*** Opening RECORDS SHOWN ***
(* Let $\sigma\in(\tfrac12,1)$ be fixed. There is a constant $B=B(\sigma)>0$ such that for every prime $p$ and every real $k>0$: (i) $\displaystyle\sum_{\nu\ge0}\frac{d_{k/2}(p^\nu)^2}{p^{2\nu\sigma}}=I_0\Big(\frac{k}{p^\sigma}\Big)\exp\Big\{E_1\Big\}$ with $|E_1|\le B\,k/p^{2\sigma}$; (ii) if moreover $p\le k^{1/\sigma}$, then $\displaystyle\sum_{\nu\ge0}\frac{d_{k/2}(p^\nu)^2}{p^{2\nu\sigma}}=\exp\{E_2\}$ with $|E_2|\le B\,k/p^{\sigma}$.
   Context: For real $z>0$, $d_z(n)$ is the generalized divisor function, defined by $\zeta(s)^z=\sum_{n\ge1}d_z(n)n^{-s}$ ($\Re s>1$); it is multiplicative with $d_z(p^\nu)=\frac{\Gamma(z+\nu)}{\Gamma(z)\,\nu!}$. $I_0(t):=\int_0^1\exp(t\cos(2\pi\theta))\,d\theta=\sum_{n\ge0}\frac{(t/2)^{2n}}{(n!)^2}$ is the modified Bessel function of order $0$. *)

theory Defs
  imports "HOL-Analysis.Analysis" "HOL-Computational_Algebra.Primes"
begin

definition gen_divisor :: "real \<Rightarrow> nat \<Rightarrow> real" where
  "gen_divisor z n = (\<Prod>p\<in>prime_factors n.
      Gamma (z + real (multiplicity p n)) / (Gamma z * fact (multiplicity p n)))"

definition bessel_I0 :: "real \<Rightarrow> real" where
  "bessel_I0 t = (\<Sum>n. (t / 2) ^ (2 * n) / (fact n)^2)"

end

theory Submission
  imports Defs
begin

text \<open>The Euler factor is \<open>\<Sum>\<^sub>\<nu> c\<^sub>\<nu>\<^sup>2\<close>, where \<open>c\<^sub>\<nu> = d\<^sub>k\<^sub>/\<^sub>2(p\<^sup>\<nu>) x\<^sup>\<nu>\<close> with \<open>x = p\<^sup>-\<^sup>\<sigma> \<le> 3/4\<close>
  are the Taylor coefficients of \<open>(1 - w)\<^sup>-\<^sup>k\<^sup>/\<^sup>2\<close> at \<open>w = x e(\<theta>)\<close>, \<open>e(\<theta>) = cis (2\<pi>\<theta>)\<close>.
  By Parseval the factor is \<open>\<integral>\<^sub>0\<^sup>1 |1 - x e(\<theta>)|\<^sup>-\<^sup>k d\<theta>\<close>. Since \<open>log |1 - w| = - Re w + O(|w|\<^sup>2)\<close>,
  the integrand is \<open>exp (k x cos 2\<pi>\<theta>)\<close> up to a factor \<open>exp (\<plusminus>4 k x\<^sup>2)\<close>, and the integral of
  \<open>exp (t cos 2\<pi>\<theta>)\<close> is \<open>I\<^sub>0(t)\<close>, again by Parseval. This gives (i); (ii) follows from
  \<open>1 \<le> I\<^sub>0(t) \<le> e\<^sup>t\<close> for \<open>t \<ge> 0\<close>.\<close>

lemma has_integral_suminf_Weierstrass:
  fixes g :: "nat \<Rightarrow> real \<Rightarrow> complex"
  assumes bound: "\<And>i x. x \<in> {a..b} \<Longrightarrow> norm (g i x) \<le> M i" and M: "summable M"
    and cont: "\<And>i. continuous_on {a..b} (g i)"
    and int: "\<And>i. (g i has_integral I i) {a..b}"
  shows "I sums integral {a..b} (\<lambda>x. \<Sum>i. g i x)"
    and "((\<lambda>x. \<Sum>i. g i x) has_integral (\<Sum>i. I i)) {a..b}"
proof -
  have unif: "uniform_limit {a..b} (\<lambda>n x. \<Sum>i<n. g i x) (\<lambda>x. \<Sum>i. g i x) sequentially"
    by (rule Weierstrass_m_test[OF bound M])
  have "continuous_on {a..b} (\<lambda>x. \<Sum>i<n. g i x)" for n
    by (intro continuous_intros cont)
  then obtain K J where K: "\<And>n. ((\<lambda>x. \<Sum>i<n. g i x) has_integral K n) {a..b}"
    and J: "((\<lambda>x. \<Sum>i. g i x) has_integral J) {a..b}" and lim: "K \<longlonglongrightarrow> J"
    by (rule uniform_limit_integral[OF unif]) auto
  have "K = (\<lambda>n. \<Sum>i<n. I i)"
    using has_integral_unique[OF K has_integral_sum[of "{..<_}" g I, OF _ int]] by auto
  then have "I sums J" using lim unfolding sums_def by simp
  then show "I sums integral {a..b} (\<lambda>x. \<Sum>i. g i x)" using J integral_unique by metis
  then show "((\<lambda>x. \<Sum>i. g i x) has_integral (\<Sum>i. I i)) {a..b}"
    using J \<open>I sums J\<close> sums_unique by metis
qed

lemma has_integral_cis_int:
  fixes j :: int
  shows "((\<lambda>t. cis (2*pi*j*t)) has_integral (if j = 0 then 1 else 0)) {0..1}"
proof (cases "j = 0")
  case True then show ?thesis using has_integral_const_real[of "1::complex" 0 1] by simp
next
  case False
  define A where "A = \<i> * complex_of_real (2*pi*j)"
  have "A \<noteq> 0" using False by (simp add: A_def)
  have cis_exp: "cis (2*pi*j*t) = exp (t *\<^sub>R A)" for t
    by (simp add: A_def cis_conv_exp scaleR_conv_of_real mult_ac)
  define f where "f t = exp (t *\<^sub>R A) / A" for t :: real
  have "(f has_vector_derivative cis (2*pi*j*t)) (at t within {0..1})" for t
    unfolding f_def cis_exp
    using has_vector_derivative_divide[OF exp_scaleR_has_vector_derivative_right[of A t "{0..1}"], of A]
      \<open>A \<noteq> 0\<close>
    by simp
  moreover have "f 1 - f 0 = 0"
    by (simp add: f_def A_def exp_eq_1)
  ultimately show ?thesis
    using fundamental_theorem_of_calculus[of 0 1 f "\<lambda>t. cis (2*pi*j*t)"] False by auto
qed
*** Closing RECORDS SHOWN ***
| WHAT TO WORK ON |
Each of the records should be retyped exactly.

| OUTPUT FOR THIS EXERCISE |
(* Let $\sigma\in(\tfrac12,1)$ be fixed. There is a constant $B=B(\sigma)>0$ such that for every prime $p$ and every real $k>0$: (i) $\displaystyle\sum_{\nu\ge0}\frac{d_{k/2}(p^\nu)^2}{p^{2\nu\sigma}}=I_0\Big(\frac{k}{p^\sigma}\Big)\exp\Big\{E_1\Big\}$ with $|E_1|\le B\,k/p^{2\sigma}$; (ii) if moreover $p\le k^{1/\sigma}$, then $\displaystyle\sum_{\nu\ge0}\frac{d_{k/2}(p^\nu)^2}{p^{2\nu\sigma}}=\exp\{E_2\}$ with $|E_2|\le B\,k/p^{\sigma}$.
   Context: For real $z>0$, $d_z(n)$ is the generalized divisor function, defined by $\zeta(s)^z=\sum_{n\ge1}d_z(n)n^{-s}$ ($\Re s>1$); it is multiplicative with $d_z(p^\nu)=\frac{\Gamma(z+\nu)}{\Gamma(z)\,\nu!}$. $I_0(t):=\int_0^1\exp(t\cos(2\pi\theta))\,d\theta=\sum_{n\ge0}\frac{(t/2)^{2n}}{(n!)^2}$ is the modified Bessel function of order $0$. *)

theory Defs
  imports "HOL-Analysis.Analysis" "HOL-Computational_Algebra.Primes"
begin

definition gen_divisor :: "real \<Rightarrow> nat \<Rightarrow> real" where
  "gen_divisor z n = (\<Prod>p\<in>prime_factors n.
      Gamma (z + real (multiplicity p n)) / (Gamma z * fact (multiplicity p n)))"

definition bessel_I0 :: "real \<Rightarrow> real" where
  "bessel_I0 t = (\<Sum>n. (t / 2) ^ (2 * n) / (fact n)^2)"

end

theory Submission
  imports Defs
begin

text \<open>The Euler factor is \<open>\<Sum>\<^sub>\<nu> c\<^sub>\<nu>\<^sup>2\<close>, where \<open>c\<^sub>\<nu> = d\<^sub>k\<^sub>/\<^sub>2(p\<^sup>\<nu>) x\<^sup>\<nu>\<close> with \<open>x = p\<^sup>-\<^sup>\<sigma> \<le> 3/4\<close>
  are the Taylor coefficients of \<open>(1 - w)\<^sup>-\<^sup>k\<^sup>/\<^sup>2\<close> at \<open>w = x e(\<theta>)\<close>, \<open>e(\<theta>) = cis (2\<pi>\<theta>)\<close>.
  By Parseval the factor is \<open>\<integral>\<^sub>0\<^sup>1 |1 - x e(\<theta>)|\<^sup>-\<^sup>k d\<theta>\<close>. Since \<open>log |1 - w| = - Re w + O(|w|\<^sup>2)\<close>,
  the integrand is \<open>exp (k x cos 2\<pi>\<theta>)\<close> up to a factor \<open>exp (\<plusminus>4 k x\<^sup>2)\<close>, and the integral of
  \<open>exp (t cos 2\<pi>\<theta>)\<close> is \<open>I\<^sub>0(t)\<close>, again by Parseval. This gives (i); (ii) follows from
  \<open>1 \<le> I\<^sub>0(t) \<le> e\<^sup>t\<close> for \<open>t \<ge> 0\<close>.\<close>

lemma has_integral_suminf_Weierstrass:
  fixes g :: "nat \<Rightarrow> real \<Rightarrow> complex"
  assumes bound: "\<And>i x. x \<in> {a..b} \<Longrightarrow> norm (g i x) \<le> M i" and M: "summable M"
    and cont: "\<And>i. continuous_on {a..b} (g i)"
    and int: "\<And>i. (g i has_integral I i) {a..b}"
  shows "I sums integral {a..b} (\<lambda>x. \<Sum>i. g i x)"
    and "((\<lambda>x. \<Sum>i. g i x) has_integral (\<Sum>i. I i)) {a..b}"
proof -
  have unif: "uniform_limit {a..b} (\<lambda>n x. \<Sum>i<n. g i x) (\<lambda>x. \<Sum>i. g i x) sequentially"
    by (rule Weierstrass_m_test[OF bound M])
  have "continuous_on {a..b} (\<lambda>x. \<Sum>i<n. g i x)" for n
    by (intro continuous_intros cont)
  then obtain K J where K: "\<And>n. ((\<lambda>x. \<Sum>i<n. g i x) has_integral K n) {a..b}"
    and J: "((\<lambda>x. \<Sum>i. g i x) has_integral J) {a..b}" and lim: "K \<longlonglongrightarrow> J"
    by (rule uniform_limit_integral[OF unif]) auto
  have "K = (\<lambda>n. \<Sum>i<n. I i)"
    using has_integral_unique[OF K has_integral_sum[of "{..<_}" g I, OF _ int]] by auto
  then have "I sums J" using lim unfolding sums_def by simp
  then show "I sums integral {a..b} (\<lambda>x. \<Sum>i. g i x)" using J integral_unique by metis
  then show "((\<lambda>x. \<Sum>i. g i x) has_integral (\<Sum>i. I i)) {a..b}"
    using J \<open>I sums J\<close> sums_unique by metis
qed

lemma has_integral_cis_int:
  fixes j :: int
  shows "((\<lambda>t. cis (2*pi*j*t)) has_integral (if j = 0 then 1 else 0)) {0..1}"
proof (cases "j = 0")
  case True then show ?thesis using has_integral_const_real[of "1::complex" 0 1] by simp
next
  case False
  define A where "A = \<i> * complex_of_real (2*pi*j)"
  have "A \<noteq> 0" using False by (simp add: A_def)
  have cis_exp: "cis (2*pi*j*t) = exp (t *\<^sub>R A)" for t
    by (simp add: A_def cis_conv_exp scaleR_conv_of_real mult_ac)
  define f where "f t = exp (t *\<^sub>R A) / A" for t :: real
  have "(f has_vector_derivative cis (2*pi*j*t)) (at t within {0..1})" for t
    unfolding f_def cis_exp
    using has_vector_derivative_divide[OF exp_scaleR_has_vector_derivative_right[of A t "{0..1}"], of A]
      \<open>A \<noteq> 0\<close>
    by simp
  moreover have "f 1 - f 0 = 0"
    by (simp add: f_def A_def exp_eq_1)
  ultimately show ?thesis
    using fundamental_theorem_of_calculus[of 0 1 f "\<lambda>t. cis (2*pi*j*t)"] False by auto
qed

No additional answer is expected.